Congressional proposals to improve COVID-19 contact tracing are taking center stage as legislators debate next steps on a fifth coronavirus aid package. Contact tracing is a public health strategy that has for decades been successfully used to combat infectious disease outbreaks across the globe. The process identifies people who may have been exposed to an individual with an infectious disease.

Contact tracing has become a centerpiece of state and local efforts to curb community transmission of COVID-19 and, in some states, begin the reopening process. A NACo County News report found that state departments of health are playing a critical role in hiring professional contact tracers and deploying those individuals to local health departments, while some counties are recruiting existing employees on administrative leave to fill in as contact tracers in their communities. 

According to a statement released by the National Association of County and City Health Officials (NACCHO), to support a force of at least 100,000 contract tracers, Congress would need to appropriate at least $3.7 billion in emergency supplemental funding to local, state, territorial, tribal, and federal public health agencies.   

Previous coronavirus response bills – including the CARES Act (P.L. 116-136) omnibus – dedicated new federal resources to improve contact tracing capacity at the state and local level. The new proposals, shown below, would build on previous measures to tap new federal resources and manpower to track COVID-19 cases. The bills additionally emphasize the importance of a strong intergovernmental partnership to fully address the pandemic – a key NACo priority in the federal response to COVID-19.  

  • COVID-19 Testing, Reaching and Contacting Everyone (TRACE) Act (H.R. 6666, Rep. Bobby Bush) – The legislation would enable the CDC to award grants for testing, contact tracing, monitoring and other activities to address COVID-19. Grants would support entities including federally qualified health centers (FQHCs), non-profit organizations, and certain schools and hospitals. In selecting grant recipients, CDC would prioritize applicants operating in coronavirus hot spots and medically underserved communities and make efforts to hire individuals from the communities where grant activities occur. 

  • Coronavirus Containment Corps Act (H.R. 6871/S. __, Rep. Andy Levin, Sen. Elizabeth Warren) – The legislation, co-sponsored in the Senate by Sens. Tina Smith (D-Minn.) and Jeff Merkley (D-Ore.), would require the Centers for Disease Control and Prevention (CDC) to develop a national contact tracing strategy within 21 days in collaboration with state, local and tribal health officials.

    It would also require the CDC to include provisions that prevent misusing patient data, anonymize data and ensure automatic data deletion and prohibit data-sharing within the federal government except within the CDC and Indian Health Service. The legislation would provide $10 billion in funding to states and Native American tribes to hire more than 100,000 tracers and other support personnel. It would also provide $500 million to state and tribal hiring agencies to find a hiring pool for the tracers, prioritizing those who have lost their jobs during the pandemic. 
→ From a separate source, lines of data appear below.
text \<open>Lower bound (needs only pointwise convergence): for each y, the weak-star
  neighbourhood where z y > x y - e keeps (g_n)*(z) \<ge> x y - e - g_n(y).\<close>

lemma conjugate_le_gamma_liminf:
  fixes gs :: "nat \<Rightarrow> 'a::real_normed_vector \<Rightarrow> real"
  assumes pointwise: "\<And>y. (\<lambda>n. gs n y) \<longlonglongrightarrow> g y"
  shows "conjugate g x \<le> gamma_liminf weak_star_topology (\<lambda>n. conjugate (gs n)) x"
  unfolding conjugate_def[of g]
proof (rule SUP_least)
  fix y :: 'a
  show "ereal (blinfun_apply x y - g y) \<le> gamma_liminf weak_star_topology (\<lambda>n. conjugate (gs n)) x"
  proof (rule ereal_le_epsilon2)
    fix e :: real assume e: "e > 0"
    define V where "V = {z. blinfun_apply z y \<in> {blinfun_apply x y - e <..}}"
    have "openin weak_star_topology V"
      unfolding V_def by (rule weak_star_subbasic_open) simp
    then have V: "V \<in> nbhds_in weak_star_topology x"
      unfolding nbhds_in_def using e by (auto simp: V_def)
    have "ereal (blinfun_apply x y - e - gs n y) \<le> (INF z\<in>V. conjugate (gs n) z)" for n
    proof (rule INF_greatest)
      fix z assume "z \<in> V"
      then have "ereal (blinfun_apply x y - e - gs n y) \<le> ereal (blinfun_apply z y - gs n y)"
        unfolding V_def by simp
      also have "\<dots> \<le> conjugate (gs n) z"
        unfolding conjugate_def by (rule SUP_upper) simp
      finally show "ereal (blinfun_apply x y - e - gs n y) \<le> conjugate (gs n) z" .
    qed
    then have "liminf (\<lambda>n. ereal (blinfun_apply x y - e - gs n y))
        \<le> liminf (\<lambda>n. INF z\<in>V. conjugate (gs n) z)"
      by (intro Liminf_mono) simp
    moreover have "liminf (\<lambda>n. ereal (blinfun_apply x y - e - gs n y)) = ereal (blinfun_apply x y - e - g y)"
      by (intro lim_imp_Liminf tendsto_ereal tendsto_diff tendsto_const pointwise) simp
    moreover have "liminf (\<lambda>n. INF z\<in>V. conjugate (gs n) z)
        \<le> gamma_liminf weak_star_topology (\<lambda>n. conjugate (gs n)) x"
      unfolding gamma_liminf_def by (rule SUP_upper[OF V])
    ultimately have "ereal (blinfun_apply x y - e - g y)
        \<le> gamma_liminf weak_star_topology (\<lambda>n. conjugate (gs n)) x"
      by simp
    from add_right_mono[OF this, of "ereal e"]
    show "ereal (blinfun_apply x y - g y)
        \<le> gamma_liminf weak_star_topology (\<lambda>n. conjugate (gs n)) x + ereal e"
      by simp
  qed
qed
definition comeager :: "'a topology \<Rightarrow> 'a set \<Rightarrow> bool" where
  "comeager S A \<longleftrightarrow> (\<exists>U :: nat \<Rightarrow> 'a set.
      (\<forall>n. openin S (U n) \<and> S closure_of (U n) = topspace S) \<and> \<Inter> (range U) \<subseteq> A)"

definition conj_class :: "('a, 'b) monoid_scheme \<Rightarrow> 'a \<Rightarrow> 'a set" where
  "conj_class G g = {h \<otimes>\<^bsub>G\<^esub> g \<otimes>\<^bsub>G\<^esub> inv\<^bsub>G\<^esub> h | h. h \<in> carrier G}"

end

theory Submission
  imports Defs
begin

(*
  Let g have comeager conjugacy class C. If g \<notin> N, then C is disjoint from the normal subgroup N.
  Preimages of dense open sets under (x, y) \<mapsto> x y\<^sup>-\<^sup>1 are dense open in G \<times> G, so a
  Mycielski-type Cantor scheme in a complete metric for G yields points \<phi> s, s \<subseteq> \<nat>, with
  \<phi> s (\<phi> t)\<^sup>-\<^sup>1 \<in> C whenever s \<noteq> t. These lie in pairwise distinct cosets of N, so N would
  have index at least 2\<^sup>\<aleph>\<^sup>0. Hence g \<in> N and N \<supseteq> C is comeager; and a comeager subgroup is
  the whole group, because for every x the comeager sets N and x N meet by Baire's theorem.
*)

lemma topological_groupD:
  assumes "topological_group G T"
  shows "group G" and "topspace T = carrier G"
    and "continuous_map (prod_topology T T) T (\<lambda>(x, y). x \<otimes>\<^bsub>G\<^esub> y)"
    and "continuous_map T T (\<lambda>x. inv\<^bsub>G\<^esub> x)"
  using assms unfolding topological_group_def by auto
(* For every integer $n\geq 2$, $$\sum_{k=1}^{n-1}\frac{B_{2k}B_{2n-2k}}{(2k)(2n-2k)}=\frac1n\sum_{k=1}^{n-1}\frac{B_{2k}B_{2n-2k}}{2k}\binom{2n}{2k}+\frac{B_{2n}}{n}H_{2n}=\frac1n\sum_{k=1}^{n}\frac{B_{2k}B_{2n-2k}}{2k}\binom{2n}{2k}+\frac{B_{2n}}{n}H_{2n-1}.$$
   Context: $B_n$ denotes the Bernoulli numbers, defined by $\frac{x}{e^x-1}=\sum_{n\ge 0}B_n\frac{x^n}{n!}$ (so $B_0=1$). $H_i=\sum_{j=1}^i \frac1j$ is the $i$-th harmonic number. *)

theory Defs
  imports "HOL-Analysis.Analysis" "HOL-Computational_Algebra.Formal_Power_Series"
begin

definition bernoulli :: "nat \<Rightarrow> real" where
  "bernoulli n = fact n * fps_nth ((fps_X :: real fps) / (fps_exp 1 - 1)) n"


end

theory Submission
  imports Defs
begin

(* Write beta(x) = x / (e^x - 1).  Clearing the denominators e^(px) - 1, e^(qx) - 1 and e^x - 1
   shows that for p + q = 1
     beta(px) beta(qx) - beta(x) = beta(x) (pq x + q (beta(px) - 1) + p (beta(qx) - 1))
   as formal power series in x.  Take p = u and q = 1 - u, polynomials in a second variable u,
   and apply coefficientwise the linear functional  P |-> integral_0^1 (P(u) - P(0)) / u du,
   which sends u^i (1 - u)^j to the Beta value (i - 1)! j! / (i + j)! and (1 - u)^m to -H_m.
   This turns the binomial convolution of Bernoulli numbers into the unweighted one, producing
   a harmonic number on the way.  For m = 2n the odd Bernoulli numbers drop out, and the
   partial fraction 1/(k (n - k)) = (1/k + 1/(n - k)) / n gives the theorem. *)

unbundle no vec_syntax
unbundle fps_syntax

definition bernoulli_fps :: "real fps" where
  "bernoulli_fps = fps_X / (fps_exp 1 - 1)"

lemma fps_nth_bernoulli_fps: "bernoulli_fps $ k = bernoulli k / fact k"
  by (simp add: bernoulli_def bernoulli_fps_def)

lemma bernoulli_fps_times_exp_minus_one: "bernoulli_fps * (fps_exp 1 - 1) = fps_X"
proof -
  have "subdegree (fps_exp (1::real) - 1) = 1"
    by (rule subdegreeI) (auto simp: numeral_2_eq_2)
  then show ?thesis
    unfolding bernoulli_fps_def by (intro fps_times_divide_eq) auto
qed

lemma bernoulli_0: "bernoulli 0 = 1"
proof -
  have "(bernoulli_fps * (fps_exp 1 - 1)) $ 1 = 1"
    by (simp add: bernoulli_fps_times_exp_minus_one)
  then show ?thesis
    by (simp add: fps_nth_bernoulli_fps)
qed

lemma bernoulli_fps_nth_0: "bernoulli_fps $ 0 = 1"
  by (simp add: fps_nth_bernoulli_fps bernoulli_0)

lemma bernoulli_fps_compose_uminus: "bernoulli_fps oo - fps_X = bernoulli_fps + fps_X"
proof -
  define E' where "E' = fps_exp (-1 :: real)"
  have exp_inverse: "fps_exp 1 * E' = 1"
    unfolding E'_def fps_exp_add_mult[symmetric] by simp
  have "(bernoulli_fps oo - fps_X) * (E' - 1) = - fps_X"
    using arg_cong[OF bernoulli_fps_times_exp_minus_one, of "\<lambda>f. f oo - fps_X"]
    by (simp add: fps_compose_mult_distrib fps_compose_sub_distrib E'_def)
  moreover have "(bernoulli_fps + fps_X) * (E' - 1) = - fps_X"
  proof -
    have "(bernoulli_fps + fps_X) * (E' - 1)
        = - (bernoulli_fps * (fps_exp 1 - 1)) * E' + fps_X * (E' - 1)
          + bernoulli_fps * (fps_exp 1 * E' - 1)"
      by (simp add: algebra_simps)
    then show ?thesis
      unfolding exp_inverse bernoulli_fps_times_exp_minus_one by (simp add: algebra_simps)
  qed
  moreover have "(E' - 1) $ 1 \<noteq> 0"
    by (simp add: E'_def)
  then have "E' - 1 \<noteq> 0"
    by auto
  ultimately show ?thesis
    by (metis mult_right_cancel)
qed
(* Let $\Gamma\subseteq\Lambda^+$ be reflective, with $S\subseteq\mathbb Z\Gamma$, $E(\Gamma)$ part of a basis of $(\mathbb Z\Gamma)^*$, and $\mathbb Z\Gamma$ $W$-invariant. Then $\langle\delta,\alpha\rangle\ge0$ for all $\delta\in E(\Gamma)$ and all $\alpha\in S$.
   Context: $G$: complex connected reductive group with Borel $B$, maximal torus $T$, weight lattice $\Lambda$, dominant weights $\Lambda^+$, simple roots $S$, Weyl group $W$ (acting on $\Lambda$ and dually), coroots $\alpha^\vee\in\mathrm{Hom}(\Lambda,\mathbb Z)$. A finitely generated $\Gamma\subseteq\Lambda^+$ is normal if $\mathbb Z\Gamma\cap\mathbb Q_{\ge0}\Gamma=\Gamma$. $\Gamma$ is reflective if it is normal and (1) $\mathrm{rk}\,\mathbb Z\Gamma=\mathrm{rk}\,\Lambda$; (2) the set of hyperplanes spanned by the codimension-1 faces of the cone $\mathbb Q_{\ge0}\Gamma$ is $W$-stable; (3) every codimension-1 face of $\mathbb Q_{\ge0}\Gamma$ meets the open positive Weyl chamber. $\Gamma^\vee=\{v\in\mathrm{Hom}_{\mathbb Z}(\mathbb Z\Gamma,\mathbb Q):\langle v,\gamma\rangle\ge0\ \forall\gamma\in\Gamma\}$; $E(\Gamma)$ is the set of primitive elements of $(\mathbb Z\Gamma)^*$ spanning extremal rays of $\Gamma^\vee$. *)

theory Defs
  imports "HOL-Analysis.Analysis"
begin

text \<open>Model: the weight lattice Lambda is the integer lattice in real^'n; Hom(Lambda, Z) is
identified with the integer lattice as well via the standard inner product, so the pairing
of a coweight v with a weight x is v \<bullet> x.  A connected complex reductive group with
(B,T) is encoded by its (reduced) root datum together with the base S of simple roots.\<close>

definition lattice_pts :: "(real^'n) set" where
  "lattice_pts = {x. \<forall>i. x $ i \<in> \<int>}"

definition refl :: "real^'n \<Rightarrow> real^'n \<Rightarrow> real^'n \<Rightarrow> real^'n" where
  "refl a av x = x - (av \<bullet> x) *\<^sub>R a"

definition root_datum :: "(real^'n) set \<Rightarrow> (real^'n \<Rightarrow> real^'n) \<Rightarrow> bool" where
  "root_datum R cor \<longleftrightarrow> finite R \<and> R \<subseteq> lattice_pts \<and> cor ` R \<subseteq> lattice_pts \<and> inj_on cor R \<and>
     (\<forall>a\<in>R. cor a \<bullet> a = 2 \<and> refl a (cor a) ` R \<subseteq> R \<and> refl (cor a) a ` (cor ` R) \<subseteq> cor ` R)"

definition reduced :: "(real^'n) set \<Rightarrow> bool" where
  "reduced R \<longleftrightarrow> (\<forall>a\<in>R. 2 *\<^sub>R a \<notin> R)"

definition is_base :: "(real^'n) set \<Rightarrow> (real^'n) set \<Rightarrow> bool" where
  "is_base R S \<longleftrightarrow> S \<subseteq> R \<and> independent S \<and>
     (\<forall>a\<in>R. \<exists>c. (\<forall>s\<in>S. c s \<in> \<nat>) \<and> (a = (\<Sum>s\<in>S. c s *\<^sub>R s) \<or> a = - (\<Sum>s\<in>S. c s *\<^sub>R s)))"

inductive_set weyl_group :: "(real^'n) set \<Rightarrow> (real^'n \<Rightarrow> real^'n) \<Rightarrow> (real^'n \<Rightarrow> real^'n) set"
  for R cor where
  weyl_id: "id \<in> weyl_group R cor"
| weyl_step: "w \<in> weyl_group R cor \<Longrightarrow> a \<in> R \<Longrightarrow> refl a (cor a) \<circ> w \<in> weyl_group R cor"

definition dominant :: "(real^'n) set \<Rightarrow> (real^'n \<Rightarrow> real^'n) \<Rightarrow> (real^'n) set" where
  "dominant S cor = {x \<in> lattice_pts. \<forall>a\<in>S. cor a \<bullet> x \<ge> 0}"

definition open_chamber :: "(real^'n) set \<Rightarrow> (real^'n \<Rightarrow> real^'n) \<Rightarrow> (real^'n) set" where
  "open_chamber S cor = {x. \<forall>a\<in>S. cor a \<bullet> x > 0}"

definition combos :: "real set \<Rightarrow> (real^'n) set \<Rightarrow> (real^'n) set" where
  "combos K A = {x. \<exists>F c. finite F \<and> F \<subseteq> A \<and> (\<forall>a\<in>F. c a \<in> K) \<and> x = (\<Sum>a\<in>F. c a *\<^sub>R a)}"

abbreviation int_span :: "(real^'n) set \<Rightarrow> (real^'n) set" where
  "int_span A \<equiv> combos \<int> A"
abbreviation nat_span :: "(real^'n) set \<Rightarrow> (real^'n) set" where
  "nat_span A \<equiv> combos \<nat> A"
abbreviation rat_cone :: "(real^'n) set \<Rightarrow> (real^'n) set" where
  "rat_cone A \<equiv> combos {q\<in>\<rat>. q \<ge> 0} A"
abbreviation real_cone :: "(real^'n) set \<Rightarrow> (real^'n) set" where
  "real_cone A \<equiv> combos {r. r \<ge> 0} A"

definition fg_monoid :: "(real^'n) set \<Rightarrow> bool" where
  "fg_monoid \<Gamma> \<longleftrightarrow> (\<exists>G. finite G \<and> \<Gamma> = nat_span G)"

definition normal_monoid :: "(real^'n) set \<Rightarrow> bool" where
  "normal_monoid \<Gamma> \<longleftrightarrow> int_span \<Gamma> \<inter> rat_cone \<Gamma> = \<Gamma>"

definition facets :: "(real^'n) set \<Rightarrow> (real^'n) set set" where
  "facets C = {F. F face_of C \<and> aff_dim F = aff_dim C - 1}"

definition reflective :: "(real^'n) set \<Rightarrow> (real^'n) set \<Rightarrow> (real^'n \<Rightarrow> real^'n) \<Rightarrow> (real^'n) set \<Rightarrow> bool" where
  "reflective R S cor \<Gamma> \<longleftrightarrow> normal_monoid \<Gamma> \<and>
     dim (int_span \<Gamma>) = DIM(real^'n) \<and>
     (\<forall>w\<in>weyl_group R cor. \<forall>F\<in>facets (real_cone \<Gamma>). \<exists>F'\<in>facets (real_cone \<Gamma>). w ` span F = span F') \<and>
     (\<forall>F\<in>facets (real_cone \<Gamma>). F \<inter> open_chamber S cor \<noteq> {})"

text \<open>Dual lattice (Z Gamma)^* and dual cone Gamma^vee (Hom(Z Gamma, Q) identified with
Q^n via the pairing, which is legitimate since Z Gamma has full rank).\<close>
definition dual_lattice :: "(real^'n) set \<Rightarrow> (real^'n) set" where
  "dual_lattice \<Gamma> = {v. \<forall>x\<in>int_span \<Gamma>. v \<bullet> x \<in> \<int>}"

definition dual_cone :: "(real^'n) set \<Rightarrow> (real^'n) set" where
  "dual_cone \<Gamma> = {v. \<forall>g\<in>\<Gamma>. v \<bullet> g \<ge> 0}"

definition primitive_in :: "(real^'n) set \<Rightarrow> real^'n \<Rightarrow> bool" where
  "primitive_in L v \<longleftrightarrow> v \<in> L \<and> v \<noteq> 0 \<and> (\<forall>k::nat. k \<ge> 2 \<longrightarrow> (1 / real k) *\<^sub>R v \<notin> L)"

definition E_set :: "(real^'n) set \<Rightarrow> (real^'n) set" where
  "E_set \<Gamma> = {d. primitive_in (dual_lattice \<Gamma>) d \<and>
      {t *\<^sub>R d | t. t \<ge> 0} face_of dual_cone \<Gamma>}"

definition int_independent :: "(real^'n) set \<Rightarrow> bool" where
  "int_independent B \<longleftrightarrow> (\<forall>F c. finite F \<and> F \<subseteq> B \<and> (\<forall>b\<in>F. c b \<in> \<int>) \<and> (\<Sum>b\<in>F. c b *\<^sub>R b) = 0
       \<longrightarrow> (\<forall>b\<in>F. c b = 0))"

definition part_of_lattice_basis :: "(real^'n) set \<Rightarrow> (real^'n) set \<Rightarrow> bool" where
  "part_of_lattice_basis E L \<longleftrightarrow> (\<exists>B. E \<subseteq> B \<and> int_independent B \<and> int_span B = L)"

end

theory Submission imports Defs begin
  • Health Force and Resilience Force Act of 2020 (S.3606/H.R.6808, Sen. Kirsten Gillibrand, Rep. Jason Crow) – The legislation would create a “Health Force” within the CDC composed of community members dedicated to responding to public health emergencies, as defined by the Secretary of the U.S. Department of Health and Human Services (HHS). Health Force members would fill key gaps in personnel to provide increased capacity to address ongoing and future public health needs. 

  • HEROES Act (H.R. 6800, Rep. Nita Lowey): As passed by the U.S. House, the legislation would appropriate $75 billion to the Centers for Disease Control and Prevention (CDC) to establish a new national system and grant program for COVID-19 testing, contact tracing, surveillance, containment and mitigation. In a key win for counties, the bill would also direct the CDC to partner with state, local, tribal and territorial health departments to implement a “nationwide evidence-based system” for COVID-19 testing, contact tracing and mitigation activities. NACo’s full analysis of the HEROES Act can be found at this link

  • National Testing and Contract Tracing (CONTACT) Initiative UNITE Act (S.3642, Sens. Ed Markey and Chris Van Hollen) – The legislation would improve contact tracing by creating volunteer opportunities within the AmeriCorps program, expanding employment opportunities at the Federal Emergency Management Agency (FEMA) and utilizing the expertise of Peace Corps volunteer leaders whose service ended on March 15, 2020 as a result of the COVID-19 pandemic. 

  • Pandemic Response and Opportunity Through National Service Act (H.R. 6702/S. 3624, Rep. David Price, Sen. Chris Coons) – The legislation would fund 750,000 national service positions over a three-year response and recovery period to meet the projected need for as many as 300,000 public health workers. The legislation would also establish a partnership between AmeriCorps and the CDC, similar to the FEMA Corps, to provide for additional response surge capacity that could be deployed to specific areas as needed. 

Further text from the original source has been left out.